Позже, с гибелью Гумилева и постепенным распадом гумилевского круга, Нельдихен пытается найти себе новую компанию, выступает с имажинистами и тому подобными группами, основанными на стратегии «-изма», но невозможно было сделать карьеру среди (в среде) Мариенгофов и Шершеневичей, которые в смысле торжествующей глупости еще и фору ему могли бы дать (снова подчеркну: и здесь я не о личном уме или глупости названных, речь идет только о текстах) [16] . Да и не нуждались они в Нельдихене, у них, как, впрочем, и у футуристов-лефовцев или конструктивистов, были свои фельдмаршалы и свои генералы. С пехотой вот было плохонько, но на эту роль он никак не годился — г-н поручик всегда шагал не в ногу. Его уже сравнивали с Гомером, Пушкиным и Данте, мог ли он умалиться пред Маяковскими, Есениными и Сельвинскими, не говоря уже о Крученых, Мариенгофах и Чичериных?
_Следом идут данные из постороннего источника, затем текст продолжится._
lemma kernel_regression_perturbation:
  assumes psd_a: "psd_kernel_on {..<n} Ka" and psd_b: "psd_kernel_on {..<n} Kb"
    and sol_a: "\<forall>i<n. (\<Sum>j<n. Ka i j * \<alpha> j) + s * \<alpha> i = y i"
    and sol_b: "\<forall>i<n. (\<Sum>j<n. Kb i j * \<beta> j) + s * \<beta> i = y i"
    and close_K: "\<forall>i<n. \<forall>j<n. \<bar>Kb i j - Ka i j\<bar> \<le> e"
    and close_k: "\<forall>i<n. \<bar>kb i - ka i\<bar> \<le> e"
    and bounded_k: "\<forall>i<n. \<bar>ka i\<bar> \<le> K0"
    and bounded_y: "\<forall>i<n. \<bar>y i\<bar> \<le> Y"
    and "0 < s" and "0 \<le> e"
  shows "\<bar>(\<Sum>i<n. ka i * \<alpha> i) - (\<Sum>i<n. kb i * \<beta> i)\<bar>
           \<le> real n * e * Y / s + real n ^ 2 * (K0 + e) * e * Y / s\<^sup>2"
proof -
  let ?N = "\<lambda>u. L2_set u {..<n}" and ?r = "sqrt (real n)"
  have "?N y \<le> ?r * Y"
    using L2_set_le_sqrt_card_mult[of "{..<n}" y Y] bounded_y by simp
  then have norm_a: "?N \<alpha> \<le> ?r * Y / s" and norm_b: "?N \<beta> \<le> ?r * Y / s"
    using regularized_solution_L2_le[OF psd_a sol_a \<open>0 < s\<close>]
      regularized_solution_L2_le[OF psd_b sol_b \<open>0 < s\<close>] \<open>0 < s\<close>
    by (smt (verit) divide_right_mono)+
  have norm_diff: "?N (\<lambda>i. \<alpha> i - \<beta> i) \<le> real n * e * (?r * Y / s) / s"
    using regularized_solution_diff_L2_le[OF psd_a sol_a sol_b close_K \<open>0 < s\<close>] norm_b
      \<open>0 < s\<close> \<open>0 \<le> e\<close>
    by (smt (verit) divide_right_mono mult_left_mono of_nat_0_le_iff zero_le_mult_iff)
  have norm_dk: "?N (\<lambda>i. ka i - kb i) \<le> ?r * e"
    using L2_set_le_sqrt_card_mult[of "{..<n}" "\<lambda>i. ka i - kb i" e] close_k
    by (simp add: abs_minus_commute)
  have norm_kb: "?N kb \<le> ?r * (K0 + e)"
  proof -
    have "\<bar>kb i\<bar> \<le> K0 + e" if "i < n" for i
      using close_k bounded_k that by (smt (verit))
    then show ?thesis using L2_set_le_sqrt_card_mult[of "{..<n}" kb "K0 + e"] by simp
  qed
  have "(\<Sum>i<n. ka i * \<alpha> i) - (\<Sum>i<n. kb i * \<beta> i)
      = (\<Sum>i<n. (ka i - kb i) * \<alpha> i) + (\<Sum>i<n. kb i * (\<alpha> i - \<beta> i))"
    by (simp add: algebra_simps sum_subtractf)
  then have "\<bar>(\<Sum>i<n. ka i * \<alpha> i) - (\<Sum>i<n. kb i * \<beta> i)\<bar>
      \<le> ?N (\<lambda>i. ka i - kb i) * ?N \<alpha> + ?N kb * ?N (\<lambda>i. \<alpha> i - \<beta> i)"
    using abs_sum_mult_le_L2_set[of "\<lambda>i. ka i - kb i" \<alpha> "{..<n}"]
      abs_sum_mult_le_L2_set[of kb "\<lambda>i. \<alpha> i - \<beta> i" "{..<n}"]
    by (smt (verit) abs_triangle_ineq)
  also have "\<dots> \<le> (?r * e) * (?r * Y / s) + (?r * (K0 + e)) * (real n * e * (?r * Y / s) / s)"
    by (intro add_mono mult_mono' norm_dk norm_a norm_kb norm_diff L2_set_nonneg)
  also have "\<dots> = real n * e * Y / s + real n ^ 2 * (K0 + e) * e * Y / s\<^sup>2"
    by (simp add: power2_eq_square field_simps)
  finally show ?thesis .
qed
Попытался придумать себе собственный «-изм» — «синтетизм», — что вполне нормально для начала 20-х годов, но в 1929 году, когда вышли «Основы литературного синтетизма», было уже неуместно по времени (или несвоевременно по месту) и могло лишь насмешить слуг тарабарского короля, пардон, «победившего пролетариата». Но проблема «синтетизма» не только в этом и даже не в его титанической ерундовости, а в том, что у Нельдихена не было под него товарищей, не говоря уже о последователях. Все, кого он по-человечески, по реакциям и отношениям понимал, и все, кто понимал его, Буратино, сбежавшего от таганрогского папы Карло в генеральских погонах, погибли, или уехали заграницу, или совсем переменились. Или замкнулись в частном кругу, куда ему не было хода. А без этого человеческого взаимопонимания никакие литературные движения и даже группки и школки не образуются. Что ж ему оставалось? Жить как умеет. Умел он плохо. В сущности, и не жил, жизнь его осталась там, в нескольких годах его величайшего успеха и величайшего оскорбления. Не жил, а строил прожекты и надеялся. Грустный, милый, несчастный деревянный человечек в стране литературных бульдогов.